Elias Atienza is a history junior and the Mustang News opinion editor. The views expressed in this column do not reflect the viewpoints and editorial coverage of Mustang News.
When I first arrived at Cal Poly, I was a registered Republican. I was eager to campaign and vote for Sen. Rand Paul (R-KY) and his message of a bigger and better Republican Party. I was not completely on board with the Republican message, but I could appreciate their goals of fiscal responsibility along with reigning in government waste. I was on board with Paul’s message of ending the War on Drugs and criminal justice reform, and his plan to restructure the United States’ role in the world.
As the year went on and Donald Trump began to edge out in front of the rest of the GOP, I began to despair. I did not want to see someone who was against my principles become my representative as a Republican. I thought Paul’s message of a more inclusive Republican Party would win. I look back nearly three years later and wonder how I was so naive.
I swore to leave the Republican Party if Trump won the nomination. When he became the nominee in August 2016, I left the party and became a registered Independent.
I voted for Gary Johnson in the 2016 election and I do not regret my decision one bit. My principles come before any party or politician.
I was a Republican. I campaigned for Republicans during the 2016 election season. I helped out in North County with John Peschong’s and Jordan Cunningham’s campaigns a few times. I went to Northern California to campaign for Catharine Baker with the Cal Poly College Republicans. I’ve been to two California College Republicans conventions. I may not have been as involved as many College Republicans, but I was one.

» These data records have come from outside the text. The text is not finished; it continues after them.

(* In a realisation of a local affine Gaudin model (setting below), let $\mathcal Q(z)=-\frac{1}{2\varphi(z)}\int_{\mathbb D}dx\,\kappa\big(\Gamma(z,x),\Gamma(z,x)\big)$. Then $\mathcal Q(z)=-\sum_{\alpha\in\Sigma}\sum_{p=0}^{m_\alpha-1}\frac{\mathcal D^\alpha_{[p]}}{(z-z_\alpha)^{p+1}}+\mathcal Q_{\rm reg}(z)$, where $\mathcal Q_{\rm reg}(z)$ is regular at all positions $z_\alpha$, $\alpha\in\Sigma$.
   Context: $\mathfrak g$: finite-dimensional simple complex Lie algebra, $\kappa$: minus its Killing form, $C_{12}=I_a\otimes I^a$ for dual bases w.r.t. $\kappa$; $\mathfrak g_0$: real form, fixed points of an antilinear involution $\tau$. $\mathbb D$ is $\mathbb R$ or the circle; $\delta'_{xy}=\partial_x\delta(x-y)$. Data: a finite set of sites $\Sigma=\Sigma_r\sqcup\Sigma_c\sqcup\bar\Sigma_c$ (real sites, complex sites, their conjugates $\bar\alpha$), multiplicities $m_\alpha\ge1$ ($m_{\bar\alpha}=m_\alpha$), levels $\ell^\alpha_{[p]}$, $0\le p\le m_\alpha-1$ (real for real sites, $\ell^{\bar\alpha}_{[p]}=\overline{\ell^\alpha_{[p]}}$), with $\ell^\alpha_{[m_\alpha-1]}\neq0$; pairwise distinct positions $z_\alpha$ (real for real sites, $z_{\bar\alpha}=\overline{z_\alpha}$); a real $\ell^\infty\neq0$. A realisation is a Poisson algebra $\mathcal A$ of local observables of a field theory on $\mathbb D$ containing $\mathfrak g$-valued fields $\mathcal J^\alpha_{[p]}(x)$ with $\{\mathcal J^\alpha_{[p]}{}_1(x),\mathcal J^\beta_{[q]}{}_2(y)\}=\delta_{\alpha\beta}([C_{12},\mathcal J^\alpha_{[p+q]}{}_1(x)]\delta_{xy}-\ell^\alpha_{[p+q]}C_{12}\delta'_{xy})$ if $p+q<m_\alpha$ and $0$ otherwise, with reality conditions $\tau(\mathcal J^\alpha_{[p]})=\mathcal J^\alpha_{[p]}$ (real $\alpha$), $\tau(\mathcal J^\alpha_{[p]})=\mathcal J^{\bar\alpha}_{[p]}$ (complex $\alpha$). Twist function $\varphi(z)=\sum_{\alpha\in\Sigma}\sum_{p=0}^{m_\alpha-1}\frac{\ell^\alpha_{[p]}}{(z-z_\alpha)^{p+1}}-\ell^\infty$; Gaudin Lax matrix $\Gamma(z,x)=\sum_\alpha\sum_p\frac{\mathcal J^\alpha_{[p]}(x)}{(z-z_\alpha)^{p+1}}$. For each $\alpha$, $\eta^\alpha_{[p]}$ ($0\le p\le 2m_\alpha-2$) denotes the unique solution of $\sum_{p=0}^{m_\alpha-1-r}\eta^\alpha_{[p+q]}\ell^\alpha_{[p+r]}=\delta_{q,r}$ for all $q,r\in\{0,\dots,m_\alpha-1\}$, and $\mathcal D^\alpha_{[p]}=\frac12\sum_{q,r=0,\,q+r\ge p}^{m_\alpha-1}\eta^\alpha_{[q+r-p]}\int_{\mathbb D}dx\,\kappa(\mathcal J^\alpha_{[q]}(x),\mathcal J^\alpha_{[r]}(x))$. *)

theory Defs
  imports "HOL-Analysis.Analysis"
begin

text \<open>The complexified Lie algebra g is modelled as complex^'n (coordinates w.r.t. a basis);
  the invariant form kappa is given by a symmetric complex matrix Bk.\<close>

definition kappa :: "complex^'n^'n \<Rightarrow> complex^'n \<Rightarrow> complex^'n \<Rightarrow> complex" where
  "kappa Bk v w = (\<Sum>i\<in>UNIV. \<Sum>j\<in>UNIV. v$i * Bk$i$j * w$j)"

definition twist :: "'s set \<Rightarrow> ('s \<Rightarrow> nat) \<Rightarrow> ('s \<Rightarrow> nat \<Rightarrow> complex) \<Rightarrow> ('s \<Rightarrow> complex)
    \<Rightarrow> real \<Rightarrow> complex \<Rightarrow> complex" where
  "twist S m lev zpos linf w =
     (\<Sum>\<alpha>\<in>S. \<Sum>p<m \<alpha>. lev \<alpha> p / (w - zpos \<alpha>) ^ (p + 1)) - complex_of_real linf"

definition gaudin_lax :: "'s set \<Rightarrow> ('s \<Rightarrow> nat) \<Rightarrow> ('s \<Rightarrow> complex)
    \<Rightarrow> ('s \<Rightarrow> nat \<Rightarrow> real \<Rightarrow> complex^'n) \<Rightarrow> complex \<Rightarrow> real \<Rightarrow> complex^'n" where
  "gaudin_lax S m zpos J w x =
     (\<Sum>\<alpha>\<in>S. \<Sum>p<m \<alpha>. (1 / (w - zpos \<alpha>) ^ (p + 1)) *s J \<alpha> p x)"
lemma wf_graph_in_edge:
  "wf_graph G \<Longrightarrow> v \<in> gV G \<Longrightarrow> e \<in> set (gin G v) \<Longrightarrow> e \<in> gE G"
  using wf_graph_vertex by fast

lemma wf_graph_target_cases:
  assumes "wf_graph G" "e \<in> gE G"
  obtains "e \<in> set (goutG G)" "\<forall>v\<in>gV G. e \<notin> set (gin G v)"
    | v where "e \<notin> set (goutG G)" "v \<in> gV G" "e \<in> set (gin G v)"
        "\<forall>v'\<in>gV G. e \<in> set (gin G v') \<longrightarrow> v' = v"
proof -
  let ?T = "{v \<in> gV G. e \<in> set (gin G v)}"
  have "(if e \<in> set (goutG G) then 1 else 0) + card ?T = (1::nat)"
    using wf_graph_target[OF assms] .
  moreover have "finite ?T" using wf_graph_finite(1)[OF assms(1)] by simp
  ultimately show thesis
  proof (cases "e \<in> set (goutG G)")
    case True
    with \<open>_ = 1\<close> \<open>finite ?T\<close> show thesis using that(1) by simp
  next
    case False
    with \<open>_ = 1\<close> obtain v where "?T = {v}" by (auto simp: card_1_singleton_iff)
    then show thesis using that(2) False by blast
  qed
qed

lemma wf_graph_in_unique:
  assumes "wf_graph G" "v \<in> gV G" "v' \<in> gV G" "e \<in> set (gin G v)" "e \<in> set (gin G v')"
  shows "v = v'"
  using wf_graph_target_cases[OF assms(1) wf_graph_in_edge[OF assms(1,2,4)]] assms by metis

lemma wf_graph_in_not_outG:
  assumes "wf_graph G" "v \<in> gV G" "e \<in> set (gin G v)"
  shows "e \<notin> set (goutG G)"
  using wf_graph_target_cases[OF assms(1) wf_graph_in_edge[OF assms]] assms(2,3) by metis

lemma wf_graph_in_exists:
  assumes "wf_graph G" "e \<in> gE G" "e \<notin> set (goutG G)"
  obtains v where "v \<in> gV G" "e \<in> set (gin G v)"
  using wf_graph_target_cases[OF assms(1,2)] assms(3) by metis

definition reverse_graph :: "('v, 'e) graph \<Rightarrow> ('v, 'e) graph" where
  "reverse_graph G = G\<lparr>gin := gout G, gout := gin G, ginG := goutG G, goutG := ginG G\<rparr>"

lemma reverse_graph_simps [simp]:
  "gV (reverse_graph G) = gV G" "gE (reverse_graph G) = gE G"
  "gin (reverse_graph G) = gout G" "gout (reverse_graph G) = gin G"
  "ginG (reverse_graph G) = goutG G" "goutG (reverse_graph G) = ginG G"
  by (simp_all add: reverse_graph_def)

lemma incidence_reverse_graph [simp]: "incidence (reverse_graph G) = incidence G"
  unfolding incidence_def by auto

lemma vadj_reverse_graph [simp]: "vadj (reverse_graph G) = (vadj G)\<inverse>"
  unfolding vadj_def by auto

lemma wf_graph_reverse_graph [simp]: "wf_graph (reverse_graph G) \<longleftrightarrow> wf_graph G"
  unfolding wf_graph_def by (simp add: conj_ac)

lemma wf_graph_out_unique:
  assumes "wf_graph G" "v \<in> gV G" "v' \<in> gV G" "e \<in> set (gout G v)" "e \<in> set (gout G v')"
  shows "v = v'"
  using wf_graph_in_unique[of "reverse_graph G"] assms by simp

lemma wf_graph_out_exists:
  assumes "wf_graph G" "e \<in> gE G" "e \<notin> set (ginG G)"
  obtains v where "v \<in> gV G" "e \<in> set (gout G v)"
  using wf_graph_in_exists[of "reverse_graph G" e] assms by auto

lemma wf_graph_connected_induct:
  assumes "wf_graph G" "x \<in> Inl ` gV G \<union> Inr ` gE G" "P x"
    and incidence_invariant: "\<And>x y. (x, y) \<in> incidence G \<Longrightarrow> P x \<longleftrightarrow> P y"
    and "y \<in> Inl ` gV G \<union> Inr ` gE G"
  shows "P y"
  using wf_graph_connected[OF assms(1,2,5)]
  by (induction rule: rtrancl_induct) (use assms(3) incidence_invariant in blast)+

lemma incidenceE:
  assumes "(x, y) \<in> incidence G"
  obtains v e where "x = Inl v" "y = Inr e" "v \<in> gV G" "e \<in> set (gin G v) \<or> e \<in> set (gout G v)"
  using assms unfolding incidence_def by blast

lemma distinct_set_singleton: "distinct xs \<Longrightarrow> set xs = {x} \<Longrightarrow> xs = [x]"
  by (metis distinct_card card_1_singleton_iff length_0_conv length_Suc_conv
      list.set_intros(1) list.size(3) empty_iff insert_iff set_empty2)

lemma wf_graph_no_vertices:
  assumes "wf_graph G" "gV G = {}"
  obtains e where "gE G = {e}" "ginG G = [e]" "goutG G = [e]"
proof -
  have "incidence G = {}" using assms(2) unfolding incidence_def by auto
  then have "e = e'" if "e \<in> gE G" "e' \<in> gE G" for e e'
    using wf_graph_connected[OF assms(1), of "Inr e" "Inr e'"] that by simp
  moreover have "gE G \<noteq> {}" using wf_graph_nonempty[OF assms(1)] assms(2) by simp
  ultimately obtain e where E: "gE G = {e}" by blast
  have "e \<in> set (ginG G)" using wf_graph_out_exists[OF assms(1), of e] E assms(2) by blast
  moreover have "e \<in> set (goutG G)" using wf_graph_in_exists[OF assms(1), of e] E assms(2) by blast
  ultimately have "ginG G = [e]" "goutG G = [e]"
    using wf_graph_boundary[OF assms(1)] E by (auto intro: distinct_set_singleton)
  with E show thesis by (rule that)
qed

Elias Atienza | Courtesy Photos
Even though I left the Republican Party in 2016, I was still involved with them. I wrote an opinion piece defending Milo’ Yiannopoulos’ invitation to Cal Poly when he first came here January 2017. When he spoke at our school, I sat in the front row and even laughed at some of the things he said. When Laura Southern came, I watched her speak and took a picture with her. I was a part of them and a part of me wanted to remain. I don’t know what it was, but I continued on.
As 2017 went on, I watched as the Republican Party became a caricature of itself, a haven for xenophobia and overt racism. I was sick of being the token minority, a role I had relished when I first came to Cal Poly as a freshman in 2015. I could no longer abide by this.
I could no longer watch as Republicans wanted to deport Dreamers and build a wall across the Mexican border. Or ban people simply because they are of a different religion or trying to escape a deadly civil war. I could not make excuses for a man who committed the same sins as the previous president, but because he had an “R” next to his name, the party let it pass.
I am no longer a Republican. I cannot be a part of a party that holds up Yiannopoulos as someone to emulate. I cannot be part of a party that continues to advocate for the War on Drugs. I cannot be part of a party that has no principles in the age of Trump. But watching that spread to the campus level, where Republican students advocated for calling ICE on their fellow students and other incidents where they fan the flames of racial tensions and troll for the sake of “owning the libs.”
Yes, they have a right to do it as protected speech under the First Amendment. It does not mean I have to approve of it.
I still believe in some Republican ideals. I believe free-market capitalism is the best way to escape poverty. I believe in free trade. I believe in reigning in wasteful government programs that do nothing to improve the lives of Americans, and I believe in a strong United States. I believe in freedom of religion. I believe in free speech, and while I may not have liked Yiannopoulos coming here to speak, everyone has a right to speak at a public university.
But I cannot be a Republican.
Many of my friends are deeply involved with the College Republicans and I hold no ill will toward them. Thomas Jefferson wrote in a letter, “I never considered a difference of opinion in politics, in religion, in philosophy, as cause for withdrawing from a friend.”
I hold this in my heart. I will not let party mentality get in the way of doing what is right. I will continue to advocate for those who are willing to overcome the partisan divide and work together to better the lives of all Americans. I will continue support politicians like Justin Amash, who have seen the dysfunction of government firsthand.
However, I am not going to do this under a party label. Parties are what are wrong with this nation and that includes Democrats and Republicans.
George Washington warned us more than 200 years ago in his farewell speech about the dangers of political parties alike.
“However, [political parties] may now and then answer popular ends, they are likely in the course of time and things, to become potent engines, by which cunning, ambitious and unprincipled men will be enabled to subvert the power of the people and to usurp for themselves the reins of government, destroying afterwards the very engines which have lifted them to unjust dominion,” Washington said.
We should heed his warning, otherwise this continued destruction of American politics will fester, even after the Trump presidency ends.